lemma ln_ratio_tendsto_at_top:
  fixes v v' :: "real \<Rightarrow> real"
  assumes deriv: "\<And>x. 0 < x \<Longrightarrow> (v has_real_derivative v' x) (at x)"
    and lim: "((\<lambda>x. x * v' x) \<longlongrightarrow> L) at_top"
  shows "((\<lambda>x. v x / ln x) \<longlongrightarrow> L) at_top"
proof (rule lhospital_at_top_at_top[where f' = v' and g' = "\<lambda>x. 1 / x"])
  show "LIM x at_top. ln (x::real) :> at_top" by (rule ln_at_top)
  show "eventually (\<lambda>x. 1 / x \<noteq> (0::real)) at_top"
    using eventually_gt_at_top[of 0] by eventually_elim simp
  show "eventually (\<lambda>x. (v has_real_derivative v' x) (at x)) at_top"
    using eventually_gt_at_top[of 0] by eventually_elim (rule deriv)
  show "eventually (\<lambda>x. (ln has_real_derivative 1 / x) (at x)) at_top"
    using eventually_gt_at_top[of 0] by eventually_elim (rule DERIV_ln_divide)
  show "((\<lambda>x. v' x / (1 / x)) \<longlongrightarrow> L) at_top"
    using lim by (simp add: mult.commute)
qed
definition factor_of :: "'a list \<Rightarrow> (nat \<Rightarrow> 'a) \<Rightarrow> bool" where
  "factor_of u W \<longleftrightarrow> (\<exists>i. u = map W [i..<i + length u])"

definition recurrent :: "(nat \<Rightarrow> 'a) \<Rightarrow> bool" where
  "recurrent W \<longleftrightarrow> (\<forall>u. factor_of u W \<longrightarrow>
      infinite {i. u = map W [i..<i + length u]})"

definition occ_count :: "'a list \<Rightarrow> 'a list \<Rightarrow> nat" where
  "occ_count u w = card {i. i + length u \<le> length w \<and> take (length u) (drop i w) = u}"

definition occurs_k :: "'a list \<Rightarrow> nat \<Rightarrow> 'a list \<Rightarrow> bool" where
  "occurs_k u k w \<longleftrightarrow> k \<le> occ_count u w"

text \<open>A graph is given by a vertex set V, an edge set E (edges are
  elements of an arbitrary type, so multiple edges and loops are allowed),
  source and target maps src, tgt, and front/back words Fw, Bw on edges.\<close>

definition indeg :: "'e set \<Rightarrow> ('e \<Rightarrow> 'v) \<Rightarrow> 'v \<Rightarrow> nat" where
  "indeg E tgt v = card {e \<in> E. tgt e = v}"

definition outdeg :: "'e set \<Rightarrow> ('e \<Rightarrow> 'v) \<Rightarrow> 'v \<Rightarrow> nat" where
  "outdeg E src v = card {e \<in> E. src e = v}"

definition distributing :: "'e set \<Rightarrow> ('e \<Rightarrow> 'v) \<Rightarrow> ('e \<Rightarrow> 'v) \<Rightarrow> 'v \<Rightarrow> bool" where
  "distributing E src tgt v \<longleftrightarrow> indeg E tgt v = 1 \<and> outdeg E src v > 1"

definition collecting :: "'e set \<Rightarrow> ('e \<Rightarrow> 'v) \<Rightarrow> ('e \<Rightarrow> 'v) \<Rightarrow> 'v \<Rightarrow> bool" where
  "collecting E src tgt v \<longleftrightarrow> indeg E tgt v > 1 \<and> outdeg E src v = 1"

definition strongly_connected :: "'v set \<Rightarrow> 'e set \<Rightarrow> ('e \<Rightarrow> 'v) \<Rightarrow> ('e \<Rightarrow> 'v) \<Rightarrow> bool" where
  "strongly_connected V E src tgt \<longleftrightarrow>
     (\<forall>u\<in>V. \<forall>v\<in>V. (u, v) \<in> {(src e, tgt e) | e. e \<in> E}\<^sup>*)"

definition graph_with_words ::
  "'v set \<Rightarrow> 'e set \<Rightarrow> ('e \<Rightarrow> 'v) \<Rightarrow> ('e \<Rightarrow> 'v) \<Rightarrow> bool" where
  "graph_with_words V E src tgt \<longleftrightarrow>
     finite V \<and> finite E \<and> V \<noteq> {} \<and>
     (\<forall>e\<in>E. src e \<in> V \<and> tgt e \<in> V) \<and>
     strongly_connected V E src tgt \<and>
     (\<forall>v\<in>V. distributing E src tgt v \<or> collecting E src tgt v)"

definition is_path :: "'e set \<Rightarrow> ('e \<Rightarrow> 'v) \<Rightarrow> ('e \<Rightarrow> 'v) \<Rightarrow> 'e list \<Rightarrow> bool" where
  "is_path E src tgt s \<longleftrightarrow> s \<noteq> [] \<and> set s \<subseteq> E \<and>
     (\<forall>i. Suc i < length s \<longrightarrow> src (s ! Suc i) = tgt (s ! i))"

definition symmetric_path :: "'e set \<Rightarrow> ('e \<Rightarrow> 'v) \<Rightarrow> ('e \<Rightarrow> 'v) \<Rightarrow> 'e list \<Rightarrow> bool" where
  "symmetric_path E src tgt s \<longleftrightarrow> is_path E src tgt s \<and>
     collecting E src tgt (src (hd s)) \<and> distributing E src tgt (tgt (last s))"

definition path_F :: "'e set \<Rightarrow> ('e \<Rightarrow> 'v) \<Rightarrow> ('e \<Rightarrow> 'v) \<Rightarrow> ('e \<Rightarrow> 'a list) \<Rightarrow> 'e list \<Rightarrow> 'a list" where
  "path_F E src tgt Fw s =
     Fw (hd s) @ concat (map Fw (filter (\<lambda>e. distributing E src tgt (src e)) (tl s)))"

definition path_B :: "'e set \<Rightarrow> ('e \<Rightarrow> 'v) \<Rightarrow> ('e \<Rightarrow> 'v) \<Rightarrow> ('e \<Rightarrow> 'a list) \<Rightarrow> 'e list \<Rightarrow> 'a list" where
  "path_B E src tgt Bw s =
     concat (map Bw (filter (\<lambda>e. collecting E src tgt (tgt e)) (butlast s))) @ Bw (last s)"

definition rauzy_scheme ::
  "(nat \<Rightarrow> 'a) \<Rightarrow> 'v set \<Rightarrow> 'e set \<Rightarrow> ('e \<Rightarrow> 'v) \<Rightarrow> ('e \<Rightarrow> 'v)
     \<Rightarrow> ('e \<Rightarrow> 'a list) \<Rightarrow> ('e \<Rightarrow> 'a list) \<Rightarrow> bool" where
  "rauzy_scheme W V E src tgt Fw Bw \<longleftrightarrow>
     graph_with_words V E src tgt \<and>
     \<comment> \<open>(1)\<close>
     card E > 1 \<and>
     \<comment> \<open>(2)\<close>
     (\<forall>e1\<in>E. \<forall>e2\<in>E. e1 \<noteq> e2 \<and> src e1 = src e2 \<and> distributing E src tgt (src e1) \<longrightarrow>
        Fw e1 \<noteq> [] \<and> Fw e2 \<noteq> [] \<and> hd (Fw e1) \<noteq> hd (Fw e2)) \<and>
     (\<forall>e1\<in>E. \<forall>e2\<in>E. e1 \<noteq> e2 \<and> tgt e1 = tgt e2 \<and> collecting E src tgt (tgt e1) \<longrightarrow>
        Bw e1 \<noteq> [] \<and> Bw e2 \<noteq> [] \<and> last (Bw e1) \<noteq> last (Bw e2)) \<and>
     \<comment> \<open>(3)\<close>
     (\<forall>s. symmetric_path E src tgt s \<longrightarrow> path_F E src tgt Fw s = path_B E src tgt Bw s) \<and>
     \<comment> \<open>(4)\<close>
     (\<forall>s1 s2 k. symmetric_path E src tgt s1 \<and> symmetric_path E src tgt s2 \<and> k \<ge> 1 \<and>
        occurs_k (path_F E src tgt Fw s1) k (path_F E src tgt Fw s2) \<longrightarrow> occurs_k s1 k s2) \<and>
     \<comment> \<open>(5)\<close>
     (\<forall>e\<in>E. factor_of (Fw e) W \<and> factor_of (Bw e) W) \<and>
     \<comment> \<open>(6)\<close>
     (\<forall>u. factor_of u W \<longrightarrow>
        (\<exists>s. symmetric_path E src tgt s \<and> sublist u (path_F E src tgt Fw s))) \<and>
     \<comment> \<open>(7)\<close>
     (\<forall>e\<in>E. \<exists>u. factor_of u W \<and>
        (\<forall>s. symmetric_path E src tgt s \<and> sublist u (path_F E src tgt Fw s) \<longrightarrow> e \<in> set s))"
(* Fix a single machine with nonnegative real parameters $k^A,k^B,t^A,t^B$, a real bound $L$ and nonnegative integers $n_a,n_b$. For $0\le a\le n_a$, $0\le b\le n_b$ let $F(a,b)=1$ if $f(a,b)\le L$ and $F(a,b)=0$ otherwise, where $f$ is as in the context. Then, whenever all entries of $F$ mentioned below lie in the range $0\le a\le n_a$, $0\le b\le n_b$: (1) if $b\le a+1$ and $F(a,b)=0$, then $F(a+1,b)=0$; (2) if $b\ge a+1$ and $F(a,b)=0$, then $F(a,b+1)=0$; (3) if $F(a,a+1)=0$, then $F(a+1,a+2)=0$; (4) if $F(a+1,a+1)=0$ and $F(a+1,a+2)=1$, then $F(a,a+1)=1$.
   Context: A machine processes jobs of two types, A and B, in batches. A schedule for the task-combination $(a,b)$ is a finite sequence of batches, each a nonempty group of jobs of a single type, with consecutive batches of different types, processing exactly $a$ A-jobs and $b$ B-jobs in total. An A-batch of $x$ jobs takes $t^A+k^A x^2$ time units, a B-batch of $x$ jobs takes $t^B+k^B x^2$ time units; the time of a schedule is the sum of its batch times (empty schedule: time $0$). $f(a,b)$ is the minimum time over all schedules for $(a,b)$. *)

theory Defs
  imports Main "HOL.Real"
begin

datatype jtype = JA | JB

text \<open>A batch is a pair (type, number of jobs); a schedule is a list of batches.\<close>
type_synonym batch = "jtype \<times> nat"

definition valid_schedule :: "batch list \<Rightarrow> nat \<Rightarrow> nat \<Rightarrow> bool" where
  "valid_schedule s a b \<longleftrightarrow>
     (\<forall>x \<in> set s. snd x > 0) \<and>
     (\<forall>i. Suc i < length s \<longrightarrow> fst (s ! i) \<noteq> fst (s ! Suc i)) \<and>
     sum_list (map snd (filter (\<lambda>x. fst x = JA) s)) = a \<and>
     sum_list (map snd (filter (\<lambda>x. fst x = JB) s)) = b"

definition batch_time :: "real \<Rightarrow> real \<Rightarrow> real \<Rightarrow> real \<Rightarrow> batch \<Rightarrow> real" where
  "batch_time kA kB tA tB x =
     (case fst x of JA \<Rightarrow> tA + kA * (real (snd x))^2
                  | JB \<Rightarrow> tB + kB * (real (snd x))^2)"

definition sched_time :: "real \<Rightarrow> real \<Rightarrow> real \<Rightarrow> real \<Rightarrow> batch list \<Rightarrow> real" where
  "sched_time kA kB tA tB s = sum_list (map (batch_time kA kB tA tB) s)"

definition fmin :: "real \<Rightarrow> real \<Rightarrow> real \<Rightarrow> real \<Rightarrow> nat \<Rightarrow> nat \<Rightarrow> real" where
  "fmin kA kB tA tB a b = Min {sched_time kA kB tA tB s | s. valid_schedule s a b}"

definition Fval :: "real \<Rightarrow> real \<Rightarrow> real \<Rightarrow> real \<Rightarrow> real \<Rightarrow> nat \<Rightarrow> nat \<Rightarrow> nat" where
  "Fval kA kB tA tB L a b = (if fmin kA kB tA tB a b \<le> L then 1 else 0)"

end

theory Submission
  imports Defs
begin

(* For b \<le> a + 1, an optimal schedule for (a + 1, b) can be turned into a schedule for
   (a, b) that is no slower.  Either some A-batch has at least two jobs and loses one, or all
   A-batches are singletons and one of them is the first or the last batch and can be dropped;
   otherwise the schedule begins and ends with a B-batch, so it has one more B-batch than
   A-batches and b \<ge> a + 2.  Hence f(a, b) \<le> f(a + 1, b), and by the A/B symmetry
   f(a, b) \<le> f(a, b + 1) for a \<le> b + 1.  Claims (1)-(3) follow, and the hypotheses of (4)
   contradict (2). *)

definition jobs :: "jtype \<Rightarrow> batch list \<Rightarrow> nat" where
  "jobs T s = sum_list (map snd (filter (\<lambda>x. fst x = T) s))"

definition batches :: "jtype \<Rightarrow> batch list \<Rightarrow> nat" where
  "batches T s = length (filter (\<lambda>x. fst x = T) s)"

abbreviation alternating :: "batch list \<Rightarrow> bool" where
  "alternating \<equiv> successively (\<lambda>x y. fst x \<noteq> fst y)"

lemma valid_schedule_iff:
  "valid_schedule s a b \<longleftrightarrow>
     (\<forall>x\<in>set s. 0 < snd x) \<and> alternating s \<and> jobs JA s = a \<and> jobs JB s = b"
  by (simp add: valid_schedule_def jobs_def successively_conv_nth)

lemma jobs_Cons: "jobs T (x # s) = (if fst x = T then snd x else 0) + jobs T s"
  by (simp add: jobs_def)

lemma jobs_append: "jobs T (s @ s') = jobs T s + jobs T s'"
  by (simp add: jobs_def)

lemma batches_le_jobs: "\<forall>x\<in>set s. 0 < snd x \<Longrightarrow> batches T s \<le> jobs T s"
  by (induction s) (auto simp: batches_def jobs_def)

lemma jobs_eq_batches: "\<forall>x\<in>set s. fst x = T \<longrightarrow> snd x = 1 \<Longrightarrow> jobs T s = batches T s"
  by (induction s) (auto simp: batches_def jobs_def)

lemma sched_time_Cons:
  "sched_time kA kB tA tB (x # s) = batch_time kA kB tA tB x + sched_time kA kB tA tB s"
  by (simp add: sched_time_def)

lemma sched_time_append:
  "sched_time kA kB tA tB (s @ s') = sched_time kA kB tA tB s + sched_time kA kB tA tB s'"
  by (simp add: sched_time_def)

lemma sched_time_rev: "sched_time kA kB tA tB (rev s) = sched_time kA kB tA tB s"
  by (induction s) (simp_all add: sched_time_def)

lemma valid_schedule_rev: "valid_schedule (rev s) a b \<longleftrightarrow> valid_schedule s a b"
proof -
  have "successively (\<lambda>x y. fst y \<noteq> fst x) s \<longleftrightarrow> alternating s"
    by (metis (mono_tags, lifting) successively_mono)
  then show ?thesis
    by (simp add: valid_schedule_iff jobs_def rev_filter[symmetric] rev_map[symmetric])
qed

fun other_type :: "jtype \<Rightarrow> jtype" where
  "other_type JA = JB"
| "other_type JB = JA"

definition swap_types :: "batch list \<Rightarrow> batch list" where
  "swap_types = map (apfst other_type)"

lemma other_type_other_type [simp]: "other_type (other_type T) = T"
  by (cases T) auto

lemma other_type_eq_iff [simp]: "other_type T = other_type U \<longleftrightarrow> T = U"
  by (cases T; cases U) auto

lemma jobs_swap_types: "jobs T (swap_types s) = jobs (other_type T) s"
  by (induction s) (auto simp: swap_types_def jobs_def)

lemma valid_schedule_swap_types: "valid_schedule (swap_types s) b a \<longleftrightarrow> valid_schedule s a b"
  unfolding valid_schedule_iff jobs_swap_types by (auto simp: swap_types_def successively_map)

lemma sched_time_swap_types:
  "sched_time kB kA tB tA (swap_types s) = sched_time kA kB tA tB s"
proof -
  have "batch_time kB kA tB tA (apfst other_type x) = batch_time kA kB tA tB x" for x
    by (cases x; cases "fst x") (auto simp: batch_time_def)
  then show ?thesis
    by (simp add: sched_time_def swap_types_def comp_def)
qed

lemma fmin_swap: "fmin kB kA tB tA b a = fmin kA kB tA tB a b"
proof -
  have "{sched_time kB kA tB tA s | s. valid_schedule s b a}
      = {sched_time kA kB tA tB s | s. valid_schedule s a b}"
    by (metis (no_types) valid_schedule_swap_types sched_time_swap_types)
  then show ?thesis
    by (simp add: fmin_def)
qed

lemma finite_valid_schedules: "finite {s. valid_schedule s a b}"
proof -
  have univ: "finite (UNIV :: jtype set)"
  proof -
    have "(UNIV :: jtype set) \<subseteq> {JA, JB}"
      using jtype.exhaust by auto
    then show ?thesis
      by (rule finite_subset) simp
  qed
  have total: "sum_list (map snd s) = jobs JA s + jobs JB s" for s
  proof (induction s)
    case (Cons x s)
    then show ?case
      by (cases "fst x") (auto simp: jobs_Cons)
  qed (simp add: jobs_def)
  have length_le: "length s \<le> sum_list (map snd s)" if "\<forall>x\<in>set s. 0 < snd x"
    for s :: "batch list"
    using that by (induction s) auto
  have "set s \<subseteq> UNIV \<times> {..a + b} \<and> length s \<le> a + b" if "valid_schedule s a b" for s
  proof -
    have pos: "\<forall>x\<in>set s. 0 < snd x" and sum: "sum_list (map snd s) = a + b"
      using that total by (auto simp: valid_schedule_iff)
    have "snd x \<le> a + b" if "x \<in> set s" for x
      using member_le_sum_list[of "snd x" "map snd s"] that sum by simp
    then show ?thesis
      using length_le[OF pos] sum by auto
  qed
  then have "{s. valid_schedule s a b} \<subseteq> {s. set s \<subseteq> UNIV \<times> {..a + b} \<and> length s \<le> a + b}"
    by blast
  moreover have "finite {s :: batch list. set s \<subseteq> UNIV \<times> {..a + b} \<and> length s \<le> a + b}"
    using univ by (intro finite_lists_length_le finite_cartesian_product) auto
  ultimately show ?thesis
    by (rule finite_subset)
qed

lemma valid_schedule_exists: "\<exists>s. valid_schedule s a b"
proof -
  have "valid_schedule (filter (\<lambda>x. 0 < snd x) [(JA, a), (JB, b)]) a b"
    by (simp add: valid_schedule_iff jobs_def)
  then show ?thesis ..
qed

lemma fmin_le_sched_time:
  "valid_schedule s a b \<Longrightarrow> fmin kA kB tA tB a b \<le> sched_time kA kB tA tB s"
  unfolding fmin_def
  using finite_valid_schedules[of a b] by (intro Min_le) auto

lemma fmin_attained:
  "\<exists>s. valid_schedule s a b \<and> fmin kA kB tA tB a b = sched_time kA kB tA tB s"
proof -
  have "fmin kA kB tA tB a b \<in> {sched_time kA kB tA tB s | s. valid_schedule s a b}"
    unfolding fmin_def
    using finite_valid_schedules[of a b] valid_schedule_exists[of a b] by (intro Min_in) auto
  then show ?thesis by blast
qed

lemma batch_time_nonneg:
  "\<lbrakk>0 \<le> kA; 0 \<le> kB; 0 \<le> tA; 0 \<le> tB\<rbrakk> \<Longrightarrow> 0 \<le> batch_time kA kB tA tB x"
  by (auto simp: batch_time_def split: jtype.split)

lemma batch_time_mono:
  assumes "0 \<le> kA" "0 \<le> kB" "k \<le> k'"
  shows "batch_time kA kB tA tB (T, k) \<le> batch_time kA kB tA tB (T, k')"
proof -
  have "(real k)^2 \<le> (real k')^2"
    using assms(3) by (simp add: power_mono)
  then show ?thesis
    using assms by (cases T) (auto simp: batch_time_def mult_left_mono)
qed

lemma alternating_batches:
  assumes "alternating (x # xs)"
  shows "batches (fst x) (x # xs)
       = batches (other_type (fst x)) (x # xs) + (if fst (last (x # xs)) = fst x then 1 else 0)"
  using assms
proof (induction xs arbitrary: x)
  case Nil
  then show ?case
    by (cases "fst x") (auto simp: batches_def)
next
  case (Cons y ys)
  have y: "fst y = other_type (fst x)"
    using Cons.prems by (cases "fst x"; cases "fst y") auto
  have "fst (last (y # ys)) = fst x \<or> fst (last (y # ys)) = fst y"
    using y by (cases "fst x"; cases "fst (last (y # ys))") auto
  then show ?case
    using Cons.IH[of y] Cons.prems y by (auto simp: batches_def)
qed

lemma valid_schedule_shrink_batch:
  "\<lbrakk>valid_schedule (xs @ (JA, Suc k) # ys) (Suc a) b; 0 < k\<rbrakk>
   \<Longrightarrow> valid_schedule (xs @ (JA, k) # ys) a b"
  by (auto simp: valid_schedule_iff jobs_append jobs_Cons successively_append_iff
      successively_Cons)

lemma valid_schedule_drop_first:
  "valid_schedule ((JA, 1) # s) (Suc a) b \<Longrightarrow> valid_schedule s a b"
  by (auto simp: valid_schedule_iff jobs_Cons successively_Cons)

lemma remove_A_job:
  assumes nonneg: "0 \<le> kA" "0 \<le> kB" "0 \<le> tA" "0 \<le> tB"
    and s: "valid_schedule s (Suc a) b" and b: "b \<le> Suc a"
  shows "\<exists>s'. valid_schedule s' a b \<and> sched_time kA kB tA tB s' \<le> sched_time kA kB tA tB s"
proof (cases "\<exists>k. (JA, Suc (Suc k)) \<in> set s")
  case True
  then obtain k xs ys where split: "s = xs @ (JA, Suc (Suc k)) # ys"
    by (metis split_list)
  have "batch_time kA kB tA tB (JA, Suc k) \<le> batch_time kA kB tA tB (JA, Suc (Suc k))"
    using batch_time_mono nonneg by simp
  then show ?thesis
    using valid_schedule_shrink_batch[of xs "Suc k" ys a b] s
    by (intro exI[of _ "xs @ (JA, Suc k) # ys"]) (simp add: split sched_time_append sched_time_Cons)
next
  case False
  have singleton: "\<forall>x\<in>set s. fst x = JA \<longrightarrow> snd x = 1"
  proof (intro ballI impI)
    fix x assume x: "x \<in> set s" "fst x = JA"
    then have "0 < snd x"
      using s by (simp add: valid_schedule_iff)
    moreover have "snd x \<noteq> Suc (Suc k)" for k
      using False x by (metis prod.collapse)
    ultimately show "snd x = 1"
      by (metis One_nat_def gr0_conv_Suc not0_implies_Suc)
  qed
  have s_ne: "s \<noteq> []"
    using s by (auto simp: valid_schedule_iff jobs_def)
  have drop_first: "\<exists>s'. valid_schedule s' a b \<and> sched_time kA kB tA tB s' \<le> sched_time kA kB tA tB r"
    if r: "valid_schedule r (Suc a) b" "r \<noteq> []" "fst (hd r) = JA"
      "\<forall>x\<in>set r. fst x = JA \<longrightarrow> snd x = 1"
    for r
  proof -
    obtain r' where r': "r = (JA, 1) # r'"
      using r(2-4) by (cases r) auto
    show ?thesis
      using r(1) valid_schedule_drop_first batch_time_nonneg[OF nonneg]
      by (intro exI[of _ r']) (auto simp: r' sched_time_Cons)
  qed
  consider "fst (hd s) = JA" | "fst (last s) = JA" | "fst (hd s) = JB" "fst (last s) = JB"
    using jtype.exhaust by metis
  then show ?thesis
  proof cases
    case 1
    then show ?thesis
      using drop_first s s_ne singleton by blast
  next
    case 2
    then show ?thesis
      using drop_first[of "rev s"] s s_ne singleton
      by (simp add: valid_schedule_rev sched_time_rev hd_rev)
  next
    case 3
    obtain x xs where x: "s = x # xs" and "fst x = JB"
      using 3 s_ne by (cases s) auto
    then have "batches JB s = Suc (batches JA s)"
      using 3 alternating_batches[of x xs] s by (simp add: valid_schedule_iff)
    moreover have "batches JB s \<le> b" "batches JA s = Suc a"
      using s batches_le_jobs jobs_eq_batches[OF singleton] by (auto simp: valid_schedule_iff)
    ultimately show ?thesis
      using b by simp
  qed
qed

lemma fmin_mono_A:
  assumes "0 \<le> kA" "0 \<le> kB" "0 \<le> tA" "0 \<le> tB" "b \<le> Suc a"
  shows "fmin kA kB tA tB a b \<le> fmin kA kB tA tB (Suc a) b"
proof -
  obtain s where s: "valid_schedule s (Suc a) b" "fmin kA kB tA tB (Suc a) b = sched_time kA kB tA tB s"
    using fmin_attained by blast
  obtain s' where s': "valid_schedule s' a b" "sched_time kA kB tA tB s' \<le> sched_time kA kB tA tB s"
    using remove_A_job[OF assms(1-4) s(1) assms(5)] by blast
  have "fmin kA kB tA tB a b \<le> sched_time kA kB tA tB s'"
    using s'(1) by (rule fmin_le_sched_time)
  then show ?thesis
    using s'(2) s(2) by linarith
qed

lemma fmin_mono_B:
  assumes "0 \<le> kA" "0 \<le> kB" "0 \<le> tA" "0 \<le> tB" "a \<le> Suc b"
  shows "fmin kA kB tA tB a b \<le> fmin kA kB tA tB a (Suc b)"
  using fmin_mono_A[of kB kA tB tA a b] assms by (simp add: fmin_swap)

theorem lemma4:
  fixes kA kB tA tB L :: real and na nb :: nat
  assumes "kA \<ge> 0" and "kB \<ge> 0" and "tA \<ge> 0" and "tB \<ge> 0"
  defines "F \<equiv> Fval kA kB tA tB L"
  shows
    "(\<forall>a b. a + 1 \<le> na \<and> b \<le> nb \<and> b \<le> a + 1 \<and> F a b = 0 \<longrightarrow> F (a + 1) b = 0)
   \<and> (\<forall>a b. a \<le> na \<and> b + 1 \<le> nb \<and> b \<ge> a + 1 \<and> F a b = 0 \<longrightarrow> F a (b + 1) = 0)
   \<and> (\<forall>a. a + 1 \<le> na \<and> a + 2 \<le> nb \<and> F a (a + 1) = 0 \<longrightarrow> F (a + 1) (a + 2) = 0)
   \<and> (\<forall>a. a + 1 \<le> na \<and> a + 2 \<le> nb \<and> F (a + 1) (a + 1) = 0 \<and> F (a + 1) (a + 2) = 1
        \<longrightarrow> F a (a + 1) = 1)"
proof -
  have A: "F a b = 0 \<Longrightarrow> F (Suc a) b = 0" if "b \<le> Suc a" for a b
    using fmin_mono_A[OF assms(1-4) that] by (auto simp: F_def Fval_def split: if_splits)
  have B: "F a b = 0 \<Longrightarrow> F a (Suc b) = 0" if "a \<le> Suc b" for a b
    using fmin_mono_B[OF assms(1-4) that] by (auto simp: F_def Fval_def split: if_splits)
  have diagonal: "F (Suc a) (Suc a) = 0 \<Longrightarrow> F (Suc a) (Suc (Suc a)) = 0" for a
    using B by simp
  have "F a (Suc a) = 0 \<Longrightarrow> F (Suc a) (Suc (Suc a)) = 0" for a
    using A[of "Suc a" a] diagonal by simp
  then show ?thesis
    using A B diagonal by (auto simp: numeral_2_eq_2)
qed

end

--*--

### Problem requirements
For this task, write out exactly the lines of the entries above, starting at the line with "datatype jtype = JA | JB" and ending at the line with "JB \<Rightarrow> tB", both included, and no others.

### Solution to this exercise
datatype jtype = JA | JB

text \<open>A batch is a pair (type, number of jobs); a schedule is a list of batches.\<close>
type_synonym batch = "jtype \<times> nat"

definition valid_schedule :: "batch list \<Rightarrow> nat \<Rightarrow> nat \<Rightarrow> bool" where
  "valid_schedule s a b \<longleftrightarrow>
     (\<forall>x \<in> set s. snd x > 0) \<and>
     (\<forall>i. Suc i < length s \<longrightarrow> fst (s ! i) \<noteq> fst (s ! Suc i)) \<and>
     sum_list (map snd (filter (\<lambda>x. fst x = JA) s)) = a \<and>
     sum_list (map snd (filter (\<lambda>x. fst x = JB) s)) = b"

definition batch_time :: "real \<Rightarrow> real \<Rightarrow> real \<Rightarrow> real \<Rightarrow> batch \<Rightarrow> real" where
  "batch_time kA kB tA tB x =
     (case fst x of JA \<Rightarrow> tA + kA * (real (snd x))^2
                  | JB \<Rightarrow> tB + kB * (real (snd x))^2)"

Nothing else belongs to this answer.